5 INVITACIÓN
Muchas veces sucede que el mismo destino vuelve a construir aquello que destruye, transformando la vida en una mezcla de líneas rectas y círculos, donde, por momentos, a pesar de haber pasado los años, todo parece haber vuelto al mismo lugar.
En marzo de 2002, Ramiro comenzó a trabajar para el banco ING, el mismo para el que trabajaba Marina, pero como estaban destinados en diferentes oficinas, se habían cruzado sólo un par de veces. La primera había servido tan sólo para reconocerse, y confirmar que lo que alguna vez los había unido no había desaparecido ni había muerto, sino que simplemente se había aletargado por un tiempo, esperando la oportunidad para aflorar nuevamente. Ese primer encuentro había ocurrido durante una reunión de trabajo en la que se presentaron las nuevas políticas para tratar el riesgo cambiario. Unos veinte jóvenes provenientes de diferentes oficinas se sentaron en el suntuoso salón de reuniones del Directorio del Banco, en sillones de cuero, alrededor de una mesa de madera con incrustaciones de mármol. A simple vista, todos los allí presentes eran increíblemente parecidos, versiones diferentes de un mismo concepto, de una misma idea: uniformidad en el corte de cabello, en sus trajes oscuros, en sus corbatas de seda.
Marina, una de las pocas mujeres en el grupo, se acomodó en su silla, del lado derecho de la mesa, y esperó a que estuvieran todos sentados. Casi enfrente de ella, se sentó Ramiro. Las miradas de ambos se cruzaron por un instante, quizás simplemente en un juego de seducción instintivo.
El presentador, que portaba el aburrido título de Analista Senior de Riesgo Cambiario para América Latina, lucía su camisa blanca impecable, gemelos de plata con sus iniciales grabadas, y una corbata Hermes color verde pastel que seguramente había comprado en algún free-shop por no menos de cien dólares. “Para comenzar mi exposición”, dijo, “me gustaría que cada uno de ustedes se presentara diciendo su nombre y apellido y la sucursal en la que trabaja”. Uno por uno, con voz nerviosa, los jóvenes acataron la sugerencia. Marina revisaba sus papeles, escuchando las presentaciones de los jóvenes casi como música de fondo. Uno de ellos dijo: “Ramiro Buraglia, sucursal Santa Fe”. Marina levantó rápidamente la mirada, para encontrarse con los ojos de Ramiro, esta vez reconociéndose. Cuando le tocó el turno, clavó su mirada en la de él y dijo: “Marina Pagani, Oficina Central”. Ramiro le contestó tan sólo moviendo los labios, murmurando en voz baja “hola Maru”. Ella sonrió. Las luces se apagaron y el Analista Senior de Riesgo Cambiario para América Latina comenzó su presentación a un ritmo infinitamente monótono. Marina no escuchó una sola palabra. Nada, ni la primera, ni la última. Todo lo que escribió en su cuaderno de anotaciones fueron dos palabras: Ramiro Buraglia. Cuando la reunión terminó, Ramiro se dirigió hacia la puerta junto a sus compañeros de trabajo, y desde allí miró a Marina.
– ¿Nos vemos, no? –preguntó él.
– Supongo que sí –contestó ella. Luego pensaría durante horas: “¿Por qué dije supongo, y no claro que sí? Qué tonta, qué idiota, a veces creo que soy mi peor enemiga”.

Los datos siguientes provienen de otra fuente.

lemma sum_sq_Legendre_row_sums_le:
  assumes A: "A \<subseteq> {0..<p}" and n: "\<not> p dvd n"
  shows "(\<Sum>a\<in>{0..<p}. (\<Sum>b\<in>A. Legendre (a * b + n) p)^2) \<le> int (card A) * (p + int (card A) - 1)"
proof -
  have "finite A" using A finite_subset by blast
  define F where "F b b' = (\<Sum>a\<in>{0..<p}. Legendre (a * b + n) p * Legendre (a * b' + n) p)"
    for b b'
  have diagonal: "F b b \<le> p" for b
  proof -
    have "Legendre (a * b + n) p * Legendre (a * b + n) p \<le> 1" for a
      using Legendre_cases[of "a * b + n" p] by auto
    then have "F b b \<le> (\<Sum>a\<in>{0..<p}. 1)"
      unfolding F_def by (intro sum_mono)
    then show ?thesis using p_gt_2 by simp
  qed
  have off_diagonal: "F b b' \<le> 1" if "b \<in> A" "b' \<in> A" "b \<noteq> b'" for b b'
  proof -
    have "b \<in> {0..<p}" "b' \<in> {0..<p}" using that A by auto
    with \<open>b \<noteq> b'\<close> have "\<not> p dvd b - b'"
      by (simp flip: mod_eq_dvd_iff)
    then show ?thesis
      using Legendre_correlation_abs_le_1[OF _ n] unfolding F_def by fastforce
  qed
  have "(\<Sum>a\<in>{0..<p}. (\<Sum>b\<in>A. Legendre (a * b + n) p)^2)
      = (\<Sum>a\<in>{0..<p}. \<Sum>b\<in>A. \<Sum>b'\<in>A. Legendre (a * b + n) p * Legendre (a * b' + n) p)"
    unfolding power2_eq_square sum_product ..
  also have "\<dots> = (\<Sum>b\<in>A. \<Sum>b'\<in>A. F b b')"
    unfolding F_def by (subst sum.swap) (simp only: sum.swap[of _ A "{0..<p}"])
  also have "\<dots> \<le> (\<Sum>b\<in>A. p + (int (card A) - 1))"
  proof (rule sum_mono)
    fix b assume b: "b \<in> A"
    have "(\<Sum>b'\<in>A. F b b') = F b b + (\<Sum>b'\<in>A - {b}. F b b')"
      using sum.remove[OF \<open>finite A\<close> b] .
    also have "\<dots> \<le> p + (\<Sum>b'\<in>A - {b}. 1)"
      using diagonal off_diagonal b by (intro add_mono sum_mono) auto
    finally have "(\<Sum>b'\<in>A. F b b') \<le> p + (\<Sum>b'\<in>A - {b}. 1)" .
    moreover have "card A > 0" using \<open>finite A\<close> b card_gt_0_iff by blast
    ultimately show "(\<Sum>b'\<in>A. F b b') \<le> p + (int (card A) - 1)"
      using \<open>finite A\<close> b by (simp add: of_nat_diff)
  qed
  finally show ?thesis by (simp add: add_diff_eq)
qed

El segundo encuentro no sería casual. Aquella mañana, Marina sentía que las horas en la oficina transcurrían lentamente, goteando minuto a minuto. El tiempo parecía un medio viscoso donde moverse resultaba agotador. Por momentos relajaba la mirada, dejando caer sus párpados lentamente, hasta que la pantalla de su ordenador quedaba fuera de foco, hasta que en su visión todos los colores se combinaban formando figuras extrañas, como en un caleidoscopio. A veces le parecía ver a Ramiro en la pantalla. Sintió que se estaba volviendo loca. Desde que se había enterado que trabajaban en el mismo banco, su imagen había vuelto a ser cotidiana, y su presencia en sus pensamientos, una constante agobiante. Pensaba en él día y noche.
Al mediodía, Claudia, una compañera de trabajo, se acercó a su escritorio:
¿Vamos a comer, Maru? Llamé a los chicos de Santa Fe. Nos juntamos todos en el Schlotzky’s Deli de Corrientes. ¿Venís?
Claudia tenía todo planeado y había organizado un almuerzo para que Marina tuviese su segundo encuentro “casual” con Ramiro.
El Schlotzky’s Deli estaba abarrotado, y los sándwiches y las ensaladas expuestos le abrieron el apetito. Marina se sentó frente a Claudia, esperando que llegaran los demás. A los cinco minutos, cuatro muchachos de la sucursal Santa Fe, vestidos de traje y corbata, se sentaron junto a ellas. Faltaba Ramiro. La conversación abordó rápidamente todos los temas de coyuntura. Discutieron sobre política, hablaron, inevitablemente, del partido de Boca Juniors del domingo, hasta que Claudia tomó el control de la charla para transformarla en un ida y vuelta de flirteos histéricos. Marina permanecía en silencio, ajena a la conversación. Pensaba en Ramiro. ¿Por qué no habría venido? ¿Estaría evitando verla?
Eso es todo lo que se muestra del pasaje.